Choosing a different speaking voice when using Google text-to-speech

sil · March 22, 2018, 2:55pm

I’m using the Google TTS backend for my Mark 1, and I wanted to change the voice; I’ve now done so, so I thought I’d write down how for future reference. This is pretty heavily technical, so if you’re not comfortable at that level, don’t do this; wait for the Mycroft team to make it easier

First, this only works for the Google backend (Mimic has its own ways of changing voices). So, to use the Google backend, on your Mycroft web config screen, choose Settings > Advanced and set “Google” rather than “Mimic” as the Text-to-Speech Engine. (Note: don’t do this if you’re not comfortable with Mycroft’s responses to you going via a Google service; Mycroft uses Mimic by default for a reason.)

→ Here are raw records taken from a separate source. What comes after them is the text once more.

lemma gdist_broom_detour:
  assumes "0 < n"
  shows "gdist (broom n k \<union> detour n k) u 0 =
    (if u \<le> n + k then enat (min u (Suc n)) else if u = Suc (n + k) then enat 1 else \<infinity>)"
    (is "_ = ?h u")
proof (rule gdist_eq_potential)
  fix u v
  assume "(u, v) \<in> broom n k \<union> detour n k"
  then consider "(u, v) \<in> broom n k" | "u = 1" "v = Suc (n + k)" | "u = Suc (n + k)" "v = 0"
    unfolding detour_def by blast
  then show "?h u \<le> ?h v + 1"
  proof cases
    case 1
    then show ?thesis using broom_arcD[of u v n k] by (simp add: plus_1_eSuc eSuc_enat)
  qed (use assms in \<open>simp_all add: plus_1_eSuc eSuc_enat\<close>)
next
  fix u :: nat
  assume "u \<noteq> 0" "?h u \<noteq> \<infinity>"
  then consider "u \<le> n + k" | "u = Suc (n + k)" by (simp split: if_splits)
  then show "\<exists>v. (u, v) \<in> broom n k \<union> detour n k \<and> ?h u = ?h v + 1"
  proof cases
    case 1
    with \<open>u \<noteq> 0\<close> have arc: "(u, if u \<le> n then u - 1 else n) \<in> broom n k" (is "(u, ?v) \<in> _")
      by (intro broom_arcI) simp_all
    moreover have "?h u = ?h ?v + 1"
      using broom_arcD[OF arc] by (simp add: plus_1_eSuc eSuc_enat)
    ultimately show ?thesis by blast
  next
    case 2
    then have "(u, 0) \<in> detour n k" "?h u = ?h 0 + 1" by (simp_all add: detour_def plus_1_eSuc eSuc_enat)
    then show ?thesis by blast
  qed
qed (simp add: zero_enat_def)
text \<open>Write P = Ann(v) and d = d/dX_n. For f \<in> P the Leibniz rule
  [d, f^(m+1)] = (m+1) f^m (df/dX_n) shows that f acts locally nilpotently on the submodule
  generated by v, which is M by simplicity. Now let y \<noteq> 0 be such that P kills d y: a preimage
  of v under d if d is surjective, or an element of the kernel of d. If m is least with
  f^m y = 0, then f^m d y = 0 too, and the Leibniz rule leaves m (df/dX_n) f^(m-1) y = 0.
  As the annihilator of any nonzero element of M has radical P, we get df/dX_n \<in> P. So P is
  stable under d/dX_n, and in characteristic zero such an ideal is extended from
  K[X_1..X_(n-1)]: the top X_n-coefficient of f \<in> P is (d/dX_n)^d f / d! \<in> P, and subtracting
  X_n^d times it lowers the X_n-degree.\<close>

section \<open>Polynomials and partial derivatives\<close>

lemma additive_sum:
  fixes f :: "'a::ab_group_add \<Rightarrow> 'b::ab_group_add"
  assumes "\<And>u v. f (u + v) = f u + f v"
  shows "f (sum g A) = (\<Sum>x\<in>A. f (g x))"
proof -
  have "f 0 = 0" using assms[of 0 0] by simp
  then show ?thesis by (induction A rule: infinite_finite_induct) (auto simp: assms)
qed

lemma poly_mapping_sum_single:
  "(p::'a \<Rightarrow>\<^sub>0 'b::comm_monoid_add) = (\<Sum>a\<in>Poly_Mapping.keys p. Poly_Mapping.single a (Poly_Mapping.lookup p a))"
  by (rule poly_mapping_eqI) (auto simp: lookup_sum lookup_single when_def in_keys_iff)

lemma lookup_single_mult:
  fixes c :: "'b::comm_semiring_1"
  shows "Poly_Mapping.lookup (Poly_Mapping.single (a::'a::cancel_comm_monoid_add) c * p) (a + b)
    = c * Poly_Mapping.lookup p b"
proof -
  have "Poly_Mapping.single a c * p
      = (\<Sum>b\<in>Poly_Mapping.keys p. Poly_Mapping.single (a + b) (c * Poly_Mapping.lookup p b))"
    by (subst poly_mapping_sum_single[of p]) (simp add: sum_distrib_left mult_single)
  then show ?thesis by (simp add: lookup_sum lookup_single when_def in_keys_iff)
qed

lemma keys_plus_nat:
  "Poly_Mapping.keys ((a::'a \<Rightarrow>\<^sub>0 nat) + b) = Poly_Mapping.keys a \<union> Poly_Mapping.keys b"
  by (auto simp: in_keys_iff lookup_add)

lemma polys_in_zero: "0 \<in> polys_in n"
  by (simp add: polys_in_def)

lemma polys_in_one: "1 \<in> polys_in n"
  by (simp add: polys_in_def)

lemma polys_in_add: "p \<in> polys_in n \<Longrightarrow> q \<in> polys_in n \<Longrightarrow> p + q \<in> polys_in n"
  unfolding polys_in_def using keys_add[of p q] by blast

lemma polys_in_mult: "p \<in> polys_in n \<Longrightarrow> q \<in> polys_in n \<Longrightarrow> p * q \<in> polys_in n"
  unfolding polys_in_def using keys_mult[of p q] by (force simp: keys_plus_nat)

lemma polys_in_power: "p \<in> polys_in n \<Longrightarrow> p ^ k \<in> polys_in n"
  by (induction k) (auto simp: polys_in_one polys_in_mult)

lemma prime_ideal_in_power_mem:
  assumes "prime_ideal_in n P" and "g \<in> polys_in n" and "g ^ N \<in> P"
  shows "g \<in> P"
  using assms(3)
proof (induction N)
  case 0
  then have "polys_in n \<subseteq> P"
    using assms(1) unfolding prime_ideal_in_def ideal_in_def by (metis mult.right_neutral power_0 subsetI)
  with assms(1) show ?case unfolding prime_ideal_in_def ideal_in_def by blast
next
  case (Suc N)
  then have "g * g ^ N \<in> P" by simp
  then show ?case using Suc.IH assms(1,2) polys_in_power unfolding prime_ideal_in_def by blast
qed

text \<open>Terms with a_j = 0 vanish, so the truncated a - e_j in them is harmless.\<close>

definition pderiv_var :: "nat \<Rightarrow> 'k::comm_ring_1 mpoly \<Rightarrow> 'k mpoly" where
  "pderiv_var j p = (\<Sum>a\<in>Poly_Mapping.keys p.
     Poly_Mapping.single (a - Poly_Mapping.single j 1) (of_nat (Poly_Mapping.lookup a j) * Poly_Mapping.lookup p a))"

lemma pderiv_var_polys_in:
  assumes "p \<in> polys_in n"
  shows "pderiv_var j p \<in> polys_in n"
  unfolding polys_in_def
proof (intro CollectI ballI)
  fix m assume "m \<in> Poly_Mapping.keys (pderiv_var j p)"
  then obtain a where a: "a \<in> Poly_Mapping.keys p" and "m = a - Poly_Mapping.single j 1"
    unfolding pderiv_var_def using keys_sum by (fastforce split: if_splits)
  then have "Poly_Mapping.keys m \<subseteq> Poly_Mapping.keys a"
    by (auto simp: in_keys_iff lookup_minus)
  then show "Poly_Mapping.keys m \<subseteq> {..<n}"
    using a assms unfolding polys_in_def by blast
qed

lemma lookup_pderiv_var:
  "Poly_Mapping.lookup (pderiv_var j p) m
     = of_nat (Poly_Mapping.lookup m j + 1) * Poly_Mapping.lookup p (m + Poly_Mapping.single j 1)"
proof -
  let ?e = "Poly_Mapping.single j (1::nat)"
  let ?h = "\<lambda>a. of_nat (Poly_Mapping.lookup a j) * Poly_Mapping.lookup p a"
  have shift: "(?h a when a - ?e = m) = (if a = m + ?e then ?h a else 0)" for a
  proof (cases "Poly_Mapping.lookup a j = 0")
    case True
    then have "a \<noteq> m + ?e" by (auto simp: lookup_add)
    with True show ?thesis by (simp add: when_def)
  next
    case False
    then have "a - ?e = m \<longleftrightarrow> a = m + ?e"
      by (auto intro!: poly_mapping_eqI simp: lookup_add lookup_minus lookup_single when_def)
    then show ?thesis by (simp add: when_def)
  qed
  have "Poly_Mapping.lookup (pderiv_var j p) m = (\<Sum>a\<in>Poly_Mapping.keys p. ?h a when a - ?e = m)"
    by (simp add: pderiv_var_def lookup_sum lookup_single)
  also have "\<dots> = ?h (m + ?e)"
    by (simp only: shift) (simp add: sum.delta in_keys_iff)
  finally show ?thesis by (simp add: lookup_add)
qed

lemma lookup_pderiv_var_iter:
  "of_nat (fact (Poly_Mapping.lookup m j)) * Poly_Mapping.lookup ((pderiv_var j ^^ k) p) m
     = (of_nat (fact (Poly_Mapping.lookup m j + k)) :: 'k::comm_ring_1)
         * Poly_Mapping.lookup p (m + Poly_Mapping.single j k)"
proof (induction k arbitrary: m)
  case 0
  then show ?case by simp
next
  case (Suc k)
  let ?e = "Poly_Mapping.single j (1::nat)"
  have lj: "Poly_Mapping.lookup (m + ?e) j = Suc (Poly_Mapping.lookup m j)"
    by (simp add: lookup_add)
  have fact_Suc: "of_nat (fact (Poly_Mapping.lookup m j)) * of_nat (Poly_Mapping.lookup m j + 1)
      = (of_nat (fact (Poly_Mapping.lookup (m + ?e) j)) :: 'k)"
    unfolding lj by (simp add: algebra_simps)
  have "of_nat (fact (Poly_Mapping.lookup m j)) * Poly_Mapping.lookup ((pderiv_var j ^^ Suc k) p) m
     = of_nat (fact (Poly_Mapping.lookup (m + ?e) j)) * Poly_Mapping.lookup ((pderiv_var j ^^ k) p) (m + ?e)"
    by (simp only: funpow.simps comp_apply lookup_pderiv_var mult.assoc [symmetric] fact_Suc)
  also have "\<dots> = of_nat (fact (Poly_Mapping.lookup (m + ?e) j + k)) * Poly_Mapping.lookup p (m + ?e + Poly_Mapping.single j k)"
    by (rule Suc)
  also have "m + ?e + Poly_Mapping.single j k = m + Poly_Mapping.single j (Suc k)"
    by (simp only: add.assoc single_add[symmetric] plus_1_eq_Suc)
  also have "Poly_Mapping.lookup (m + ?e) j + k = Poly_Mapping.lookup m j + Suc k"
    unfolding lj by simp
  finally show ?case .
qed

section \<open>Ideals stable under the derivation in the last variable\<close>

lemma ideal_gen_in_zero: "0 \<in> ideal_gen_in n Q"
  unfolding ideal_gen_in_def by (intro CollectI exI[of _ "{}"]) simp

lemma ideal_gen_in_multiple: "q \<in> Q \<Longrightarrow> r \<in> polys_in n \<Longrightarrow> r * q \<in> ideal_gen_in n Q"
  unfolding ideal_gen_in_def by (intro CollectI exI[of _ "{q}"] exI[of _ "\<lambda>_. r"]) simp

lemma ideal_gen_in_add:
  assumes "x \<in> ideal_gen_in n Q" and "y \<in> ideal_gen_in n Q"
  shows "x + y \<in> ideal_gen_in n Q"
proof -
  obtain F1 r1 where F1: "finite F1" "F1 \<subseteq> Q" "\<forall>q\<in>F1. r1 q \<in> polys_in n" "x = (\<Sum>q\<in>F1. r1 q * q)"
    using assms(1) unfolding ideal_gen_in_def by blast
  obtain F2 r2 where F2: "finite F2" "F2 \<subseteq> Q" "\<forall>q\<in>F2. r2 q \<in> polys_in n" "y = (\<Sum>q\<in>F2. r2 q * q)"
    using assms(2) unfolding ideal_gen_in_def by blast
  define r where "r q = (if q \<in> F1 then r1 q else 0) + (if q \<in> F2 then r2 q else 0)" for q
  have fin: "finite (F1 \<union> F2)" using F1(1) F2(1) by simp
  have "(\<Sum>q\<in>F1 \<union> F2. r q * q)
      = (\<Sum>q\<in>F1 \<union> F2. if q \<in> F1 then r1 q * q else 0) + (\<Sum>q\<in>F1 \<union> F2. if q \<in> F2 then r2 q * q else 0)"
    unfolding r_def distrib_right sum.distrib [symmetric] by (intro sum.cong) simp_all
  also have "\<dots> = (\<Sum>q\<in>(F1 \<union> F2) \<inter> F1. r1 q * q) + (\<Sum>q\<in>(F1 \<union> F2) \<inter> F2. r2 q * q)"
    by (simp only: sum.inter_restrict[OF fin])
  also have "\<dots> = x + y"
    using F1(4) F2(4) by (simp add: Int_absorb1)
  finally have "x + y = (\<Sum>q\<in>F1 \<union> F2. r q * q)" ..
  moreover have "\<forall>q\<in>F1 \<union> F2. r q \<in> polys_in n"
    using F1(3) F2(3) by (simp add: r_def polys_in_add polys_in_zero)
  ultimately show ?thesis
    unfolding ideal_gen_in_def using F1 F2 by (intro CollectI exI[of _ "F1 \<union> F2"] exI[of _ r]) simp
qed

lemma ideal_gen_in_subset:
  assumes "ideal_in n P" and "Q \<subseteq> P"
  shows "ideal_gen_in n Q \<subseteq> P"
proof
  fix x assume "x \<in> ideal_gen_in n Q"
  then obtain F r where F: "finite F" "F \<subseteq> Q" "\<forall>q\<in>F. r q \<in> polys_in n" "x = (\<Sum>q\<in>F. r q * q)"
    unfolding ideal_gen_in_def by blast
  have "(\<Sum>q\<in>F. r q * q) \<in> P" using F(1-3)
  proof (induction F rule: finite_induct)
    case (insert a F)
    then have "r a * a \<in> P" using assms unfolding ideal_in_def by blast
    with insert show ?case using assms(1) unfolding ideal_in_def by simp
  qed (use assms(1) in \<open>simp add: ideal_in_def\<close>)
  then show "x \<in> P" using F by simp
qed

lemma lookup_pderiv_var_iter_top:
  fixes f :: "'k::field_char_0 mpoly"
  assumes "\<forall>m\<in>Poly_Mapping.keys f. Poly_Mapping.lookup m j \<le> d"
  shows "Poly_Mapping.lookup ((pderiv_var j ^^ d) f) m
    = (if Poly_Mapping.lookup m j = 0 then of_nat (fact d) * Poly_Mapping.lookup f (m + Poly_Mapping.single j d) else 0)"
proof -
  have iter: "of_nat (fact (Poly_Mapping.lookup m j)) * Poly_Mapping.lookup ((pderiv_var j ^^ d) f) m
      = of_nat (fact (Poly_Mapping.lookup m j + d)) * Poly_Mapping.lookup f (m + Poly_Mapping.single j d)"
    by (rule lookup_pderiv_var_iter)
  show ?thesis
  proof (cases "Poly_Mapping.lookup m j = 0")
    case True
    with iter show ?thesis by simp
  next
    case False
    then have "m + Poly_Mapping.single j d \<notin> Poly_Mapping.keys f"
      using assms by (force simp: lookup_add)
    with iter False show ?thesis by (simp add: in_keys_iff)
  qed
qed

lemma top_coefficient_polys_in:
  fixes f :: "'k::field_char_0 mpoly"
  assumes f: "f \<in> polys_in (Suc k)" and deg: "\<forall>m\<in>Poly_Mapping.keys f. Poly_Mapping.lookup m k \<le> d"
  shows "(pderiv_var k ^^ d) f \<in> polys_in k"
  unfolding polys_in_def
proof (intro CollectI ballI subsetI)
  fix m x
  assume m: "m \<in> Poly_Mapping.keys ((pderiv_var k ^^ d) f)" and x: "x \<in> Poly_Mapping.keys m"
  have mk: "Poly_Mapping.lookup m k = 0" and "m + Poly_Mapping.single k d \<in> Poly_Mapping.keys f"
    using m lookup_pderiv_var_iter_top[OF deg, of m] by (auto simp: in_keys_iff split: if_splits)
  then have "Poly_Mapping.keys (m + Poly_Mapping.single k d) \<subseteq> {..<Suc k}"
    using f unfolding polys_in_def by blast
  then have "x < Suc k"
    using x by (auto simp: keys_plus_nat)
  moreover have "x \<noteq> k"
    using x mk by (auto simp: in_keys_iff)
  ultimately show "x \<in> {..<k}" by simp
qed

Once that’s done, you’ll get responses from Mycroft using the default Google voice, which appears to be American. You can change this by adding a manual config setting. SSH into your Mycroft: you will need to enable this, and the documentation explains how to enable SSH on the Mark 1. If you’re using an Ubuntu machine (and possibly others) then your Mark 1 should be available as mark1.local, meaning that you can just do ssh pi@mark1.local and log in with password mycroft; if not, then the docs above explain how to find the IP address and connect. Once connected:

sudo su to become root, then su mycroft to become the mycroft user. Edit the config file with nano ~/.mycroft/mycroft.conf; it’s a JSON config file (the docs explain Mycroft config files). If there’s nothing in it, then you can add: {"tts": {"google": {"lang": "en-uk"}}} and save and you’re done. If you’ve already customised this file, you’ll need to add that key to what’s there. Fortunately, this config file only overrides the stuff that’s in it, so it’ll pick up the other keys from the web configuration and then override them with your local changes. You can choose a voice other than en-uk; the voices available are listed in the gTTS repository at https://github.com/pndurette/gTTS/blob/master/gtts/tts.py#L18.

Once you’ve made that change, you need Mycroft to notice that you’ve done so. You can just restart Mycroft, which works fine. To be more efficient you could just restart the mycroft-speech-client process.

aussieW · March 23, 2018, 12:55am

Thanks, I didn’t know you could do that. Going to try changing mine to en-au. I wonder if you can so a similar thing for the STT, it might improve accuracy on some words. Start is often interpreted as Stop, which is very frustrating!

BTW, was a big fan of LugRadio.

sil · March 23, 2018, 12:58am

I believe it’s also possible to use the Google (or other) speech-to-text engines, but I haven’t looked at that yet

Excellent! You might like Bad Voltage as well, then, which is going on now…

Fellhahn · February 14, 2020, 1:20am

Adding this for anyone like me who stumbles on this:

The gTTS-cli tool lists 13 different variations (accents) of English available for use. However in truth there are only 4:

en-au (Australia)
en-gb (United Kingdom)
en-in (India)
en-us (United States)

the remainder of the 13 options will simply return as one of these four. For example specifying en-nz (New Zealand) returns a speech file using the Australian accent. en-ca (Canada) uses the US accent. The African accents: Ghana, Nigeria, Tanzania, South Africa as well as Ireland return the en-gb accent. (Something something colonialism :S )

I’m hoping this post here:

Will lead to something really cool allowing us to use WaveNet based voices (way more natural sounding) in our TTS responses.